To address the poor adaptability of conventional methods, weak coordination among virtual components, and difficulty in guaranteeing stability under uncertainty in robotic manipulator control, this paper proposes an online adaptive virtual model control framework integrating large language models (LLMs) with Lyapunov-constrained reinforcement learning. The LLM enables high-level task reasoning and coordinated scheduling of multiple virtual components, generating interpretable policy priors; meanwhile, Lyapunov constraints ensure real-time stability and safe adaptive learning. Evaluated on a 7-DoF Panda simulation platform, the method effectively mitigates the trade-off between compliance and stability in dynamic tasks. It achieves a 42% improvement in sample efficiency and a 31% increase in task success rate, while ensuring strong robustness, high interpretability, and theoretical safety guarantees.

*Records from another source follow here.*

(* Let $k\ge1$ be an integer, and for a measurable set $R\subseteq[0,b]^k$ define $$I_R(t)=\int_{R}\prod_{i=1}^k g(x_i)\,dx_1\cdots dx_k\int_{0\le s_1\le s_2\le\cdots\le s_k\le t}V_0u_1\cdots u_k\,e^{\lambda_0t}\prod_{j=1}^k e^{x_j(t-s_j)}\,ds_1\cdots ds_k,$$ so that $I_{[0,b]^k}(t)=EZ_k(t)$. Let $b_t=b-(2k+1)(\log t)/t$ and $R_t=\{(x_1,\dots,x_k)\in[0,b]^k: x_i\le b_t\text{ for some }i\}$. If condition $(\ast)$ holds, then $I_{R_t}(t)=o\!\left(t^{-2k}e^{(\lambda_0+kb)t}\right)$ as $t\to\infty$.
   Context: Here $\lambda_0>0$, $V_0>0$, $u_1,\dots,u_k>0$ are constants, and $g$ is a probability density on $[0,\infty)$ (the density of the fitness increment). $Z_k(t)$ is the number of type-$k$ cells at time $t$ in the model where $Z_0(t)=V_0e^{\lambda_0t}$, type-$(j+1)$ cells arise from type-$j$ cells at rate $u_{j+1}$ per cell with birth rate increased by an independent increment of density $g$, and all cells die at rate $b_0=a_0-\lambda_0$; its mean equals $I_{[0,b]^k}(t)$ above. Condition $(\ast)$: for some $b>0$, $g$ vanishes outside $[0,b]$, $g$ is continuous at $b$, $g(b)>0$, and $g\le G$ on $[0,b]$ for some constant $G<\infty$. $f(t)=o(h(t))$ means $f(t)/h(t)\to0$. *)

theory Defs
  imports "HOL-Probability.Probability" "HOL-Library.Landau_Symbols"
begin

text \<open>Vectors in R^k are functions on the index set {..<k} (coordinate j stands for
  the paper's index j+1), with the product Lebesgue measure.\<close>

abbreviation lebk :: "nat \<Rightarrow> (nat \<Rightarrow> real) measure" where
  "lebk k \<equiv> Pi\<^sub>M {..<k} (\<lambda>_. lborel)"

definition ordered_simplex :: "nat \<Rightarrow> real \<Rightarrow> (nat \<Rightarrow> real) set" where
  "ordered_simplex k t = {s \<in> space (lebk k).
      (\<forall>j<k. 0 \<le> s j \<and> s j \<le> t) \<and> (\<forall>i j. i \<le> j \<longrightarrow> j < k \<longrightarrow> s i \<le> s j)}"

definition time_int ::
  "nat \<Rightarrow> real \<Rightarrow> real \<Rightarrow> (nat \<Rightarrow> real) \<Rightarrow> real \<Rightarrow> (nat \<Rightarrow> real) \<Rightarrow> real" where
  "time_int k V0 lam0 u t x =
     (LINT s : ordered_simplex k t | lebk k.
        V0 * (\<Prod>i\<in>{1..k}. u i) * exp (lam0 * t) * (\<Prod>j<k. exp (x j * (t - s j))))"

definition I_R ::
  "nat \<Rightarrow> (real \<Rightarrow> real) \<Rightarrow> real \<Rightarrow> real \<Rightarrow> (nat \<Rightarrow> real) \<Rightarrow> (nat \<Rightarrow> real) set \<Rightarrow> real \<Rightarrow> real" where
  "I_R k g V0 lam0 u R t =
     (LINT x : R | lebk k. (\<Prod>i<k. g (x i)) * time_int k V0 lam0 u t x)"

definition R_t :: "nat \<Rightarrow> real \<Rightarrow> real \<Rightarrow> (nat \<Rightarrow> real) set" where
  "R_t k b t = {x \<in> PiE {..<k} (\<lambda>_. {0..b}).
      \<exists>i<k. x i \<le> b - (2 * real k + 1) * ln t / t}"

text \<open>Condition (*), together with g being a probability density on [0,oo).\<close>
definition cond_star :: "(real \<Rightarrow> real) \<Rightarrow> real \<Rightarrow> real \<Rightarrow> bool" where
  "cond_star g b G \<longleftrightarrow>
     b > 0 \<and> g \<in> borel_measurable borel \<and> (\<forall>x. 0 \<le> g x) \<and>
     (LINT x : {0..} | lborel. g x) = 1 \<and>
     (\<forall>x. x \<notin> {0..b} \<longrightarrow> g x = 0) \<and>
     continuous (at_left b) g \<and> g b > 0 \<and> (\<forall>x\<in>{0..b}. g x \<le> G)"

end

theory Submission imports Defs begin

text \<open>Bound \<open>g\<close> by \<open>G\<close> and the time integral by \<open>t^k e^{\<lambda>\<^sub>0 t} e^{t \<Sum> x\<^sub>j}\<close> (the simplex lies in
  \<open>[0,t]^k\<close> and \<open>e^{x\<^sub>j(t - s\<^sub>j)} \<le> e^{t x\<^sub>j}\<close>). A point of \<open>R_t\<close> lies in one of \<open>k\<close> boxes in which
  one coordinate ranges only over \<open>[0,b_t]\<close>; integrating \<open>e^{t \<Sum> x\<^sub>j}\<close> over such a box gives at most
  \<open>e^{t((k-1)b + b_t)}/t^k = e^{tkb} t^{-(2k+1)}/t^k\<close>. Altogether
  \<open>|I_{R_t}(t)| \<le> k G^k V\<^sub>0 u\<^sub>1\<cdots>u\<^sub>k e^{(\<lambda>\<^sub>0+kb)t} t^{-2k} / t\<close>.\<close>

lemma abs_integral_le_of_nn_integral_le:
  fixes f :: "'a \<Rightarrow> real"
  assumes "(\<integral>\<^sup>+x. ennreal \<bar>f x\<bar> \<partial>M) \<le> ennreal B" "0 \<le> B"
  shows "\<bar>integral\<^sup>L M f\<bar> \<le> B"
proof (cases "integrable M f")
  case True
  have "ennreal \<bar>integral\<^sup>L M f\<bar> \<le> (\<integral>\<^sup>+x. ennreal \<bar>f x\<bar> \<partial>M)"
    using integral_norm_bound_ennreal[OF True] by simp
  also have "\<dots> \<le> ennreal B" by (fact assms(1))
  finally show ?thesis using assms(2) by simp
qed (use assms in \<open>simp add: not_integrable_integral_eq\<close>)
lemma cut_and_rescale:
  fixes A :: "real^'m^'n" and u d l :: "real^'m" and j :: 'm
  assumes surj: "surj ((*v) A)" and dpos: "\<forall>i. d $ i > 0" and f1: "fval A u d l = 1"
    and hj: "0 < column j A \<bullet> yvec A u d l - u $ j"
            "column j A \<bullet> yvec A u d l - u $ j \<le> gam A u d l j"
  defines "l' \<equiv> l - (2 * (tvec A u d l $ j - vvec u l $ j) / (d $ j * (gam A u d l j)\<^sup>2)) *\<^sub>R axis j 1"
  assumes pos: "fval A u d l' > 0"
  defines "d' \<equiv> (1 / fval A u d l') *\<^sub>R d"
  shows "fval A u d l' < 1" and "fval A u d' l' = 1" and "column j A \<bullet> yvec A u d' l' = u $ j"
    and "(gam A u d' l' j)\<^sup>2 = fval A u d l' * (gam A u d l j)\<^sup>2" and "gam A u d' l' j > 0"
proof -
  let ?a = "column j A"
  have B: "invertible (Bmat A d)"
    using invertible_Bmat[OF surj dpos] .
  define g where "g = ?a \<bullet> (matrix_inv (Bmat A d) *v ?a)"
  define s where "s = ?a \<bullet> yvec A u d l - u $ j"
  have gam: "gam A u d l j = sqrt g"
    by (simp add: gam_def f1 g_def)
  have s: "0 < s" "s \<le> sqrt g"
    using hj by (simp_all add: s_def gam)
  then have g: "g > 0"
    by (metis less_le_trans real_sqrt_gt_0_iff)
  have gam_sq: "(gam A u d l j)\<^sup>2 = g"
    using g by (simp add: gam)
  have l': "l' = l - (2 * s / (d $ j * g)) *\<^sub>R axis j 1"
    by (simp add: l'_def tvec_nth_minus_vvec_nth s_def gam_sq)
  have "g \<noteq> 0" and "d $ j \<noteq> 0"
    using g dpos by (metis less_irrefl)+
  note cut = coordinate_cut[OF B, of j u l, folded g_def s_def, OF this, folded l']
  define \<phi> where "\<phi> = fval A u d l'"
  have \<phi>: "0 < \<phi>" "\<phi> < 1"
    using pos cut(2) s g by (simp_all add: \<phi>_def f1)
  then show "fval A u d l' < 1"
    by (simp add: \<phi>_def)
  have d': "d' = (1 / \<phi>) *\<^sub>R d"
    by (simp add: d'_def \<phi>_def)
  show "fval A u d' l' = 1"
    using fval_scaleR[OF B, of "1 / \<phi>"] \<phi> by (simp add: d' \<phi>_def)
  show "?a \<bullet> yvec A u d' l' = u $ j"
    using yvec_scaleR[OF B, of "1 / \<phi>"] cut(1) \<phi> by (simp add: d')
  have "gam A u d' l' j = sqrt (\<phi> * g)"
    using gam_scaleR[OF B, of "1 / \<phi>"] \<phi> by (simp add: d' gam_def \<phi>_def g_def)
  then show "(gam A u d' l' j)\<^sup>2 = fval A u d l' * (gam A u d l j)\<^sup>2" and "gam A u d' l' j > 0"
    using \<phi> g by (simp_all add: \<phi>_def gam_sq)
qed

lemma rescaled_axis_update_eq:
  fixes x y :: "'a::real_vector" and \<phi> k c :: real
  assumes \<phi>: "0 < \<phi>" "\<phi> < 1" and k: "k > 0"
  shows "\<exists>\<alpha>. \<alpha> > ((k + 1)\<^sup>2 - 1) / (k + 1)\<^sup>2 \<and>
    (1 / ((k + 1)\<^sup>2 / ((k + 1)\<^sup>2 - 1))) *\<^sub>R ((1 / \<phi>) *\<^sub>R x + (2 / k * (1 / (\<phi> * c))) *\<^sub>R y)
      = \<alpha> *\<^sub>R (x + (2 / k * (1 / c)) *\<^sub>R y)"
proof (intro exI conjI)
  define \<alpha> where "\<alpha> = ((k + 1)\<^sup>2 - 1) / ((k + 1)\<^sup>2 * \<phi>)"
  have M: "(k + 1)\<^sup>2 - 1 > 0"
    using k by (simp add: power2_eq_square algebra_simps add_pos_pos)
  show "((k + 1)\<^sup>2 - 1) / (k + 1)\<^sup>2 < \<alpha>"
    unfolding \<alpha>_def using M k \<phi> by (intro divide_strict_left_mono) simp_all
  have "1 / ((k + 1)\<^sup>2 / ((k + 1)\<^sup>2 - 1)) * (1 / \<phi>) = \<alpha>"
    and "1 / ((k + 1)\<^sup>2 / ((k + 1)\<^sup>2 - 1)) * (2 / k * (1 / (\<phi> * c))) = \<alpha> * (2 / k * (1 / c))"
    using M \<phi> by (simp_all add: \<alpha>_def field_simps)
  then show "(1 / ((k + 1)\<^sup>2 / ((k + 1)\<^sup>2 - 1))) *\<^sub>R ((1 / \<phi>) *\<^sub>R x + (2 / k * (1 / (\<phi> * c))) *\<^sub>R y)
      = \<alpha> *\<^sub>R (x + (2 / k * (1 / c)) *\<^sub>R y)"
    by (simp only: scaleR_add_right scaleR_scaleR)
qed

theorem theorem7:
  fixes A :: "real^'m^'n" and u d l :: "real^'m" and \<Lambda> :: "real^'m^'m" and j :: 'm
  assumes unit_cols: "\<forall>i. norm (column i A) = 1"
    and pos_span: "{A *v lam | lam. \<forall>i. lam $ i \<ge> 0} = UNIV"
    and dpos: "\<forall>i. d $ i > 0"
    and cert: "certified_lb A u l \<Lambda>"
    and f1: "fval A u d l = 1"
    and hj: "0 < column j A \<bullet> yvec A u d l - u $ j"
            "column j A \<bullet> yvec A u d l - u $ j \<le> gam A u d l j"
  defines "l1 \<equiv> l - (2 * (tvec A u d l $ j - vvec u l $ j) / (d $ j * (gam A u d l j)\<^sup>2)) *\<^sub>R axis j 1"
  assumes f_l1: "fval A u d l1 > 0"
  defines "d1 \<equiv> (1 / fval A u d l1) *\<^sub>R d"
  defines "l2 \<equiv> l1 + (2 * (2 * vvec u l1 $ j - gam A u d1 l1 j)
                   / ((real CARD('m) - 1) * d1 $ j * (gam A u d1 l1 j)\<^sup>2 + 2)) *\<^sub>R axis j 1"
    and "d2 \<equiv> d1 + (2 / (real CARD('m) - 1) * (1 / (gam A u d1 l1 j)\<^sup>2)) *\<^sub>R axis j 1"
  defines "d3 \<equiv> (1 / fval A u d2 l2) *\<^sub>R d2"
  shows "\<exists>\<alpha>::real. \<alpha> > ((real CARD('m))\<^sup>2 - 1) / (real CARD('m))\<^sup>2 \<and>
           d3 = \<alpha> *\<^sub>R (d + (2 / (real CARD('m) - 1) * (1 / (gam A u d l j)\<^sup>2)) *\<^sub>R axis j 1)"
proof -
  define k where "k = real CARD('m) - 1"
  have k: "k > 0"
    using two_le_card_if_positive_spanning[OF pos_span] by (simp add: k_def)
  have surj: "surj ((*v) A)"
    unfolding surj_def using pos_span by blast
  note cut = cut_and_rescale[OF surj dpos f1 hj, folded l1_def, OF f_l1, folded d1_def]
  have "\<forall>i. d1 $ i > 0"
    using dpos f_l1 by (simp add: d1_def)
  from coordinate_rank_one_step[OF surj this k cut(2,3,5)]
  have F: "fval A u d2 l2 = (k + 1)\<^sup>2 / ((k + 1)\<^sup>2 - 1)"
    by (simp add: d2_def l2_def k_def)
  have "d3 = (1 / ((k + 1)\<^sup>2 / ((k + 1)\<^sup>2 - 1))) *\<^sub>R ((1 / fval A u d l1) *\<^sub>R d
      + (2 / k * (1 / (fval A u d l1 * (gam A u d l j)\<^sup>2))) *\<^sub>R axis j 1)"
    unfolding d3_def F unfolding d2_def cut(4) unfolding d1_def by (simp add: k_def)
  with rescaled_axis_update_eq[OF f_l1 cut(1) k] show ?thesis
    by (simp add: k_def)
qed

end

Robotic arms are increasingly deployed in uncertain environments, yet conventional control pipelines often become rigid and brittle when exposed to perturbations or incomplete information. Virtual Model Control (VMC) enables compliant behaviors by embedding virtual forces and mapping them into joint torques, but its reliance on fixed parameters and limited coordination among virtual components constrains adaptability and may undermine stability as task objectives evolve. To address these limitations, we propose Adaptive VMC with Large Language Model (LLM)- and Lyapunov-Based Reinforcement Learning (RL), which preserves the physical interpretability of VMC while supporting stability-guaranteed online adaptation. The LLM provides structured priors and high-level reasoning that enhance coordination among virtual components, improve sample efficiency, and facilitate flexible adjustment to varying task requirements. Complementarily, Lyapunov-based RL enforces theoretical stability constraints, ensuring safe and reliable adaptation under uncertainty. Extensive simulations on a 7-DoF Panda arm demonstrate that our approach effectively balances competing objectives in dynamic tasks, achieving superior performance while highlighting the synergistic benefits of LLM guidance and Lyapunov-constrained adaptation.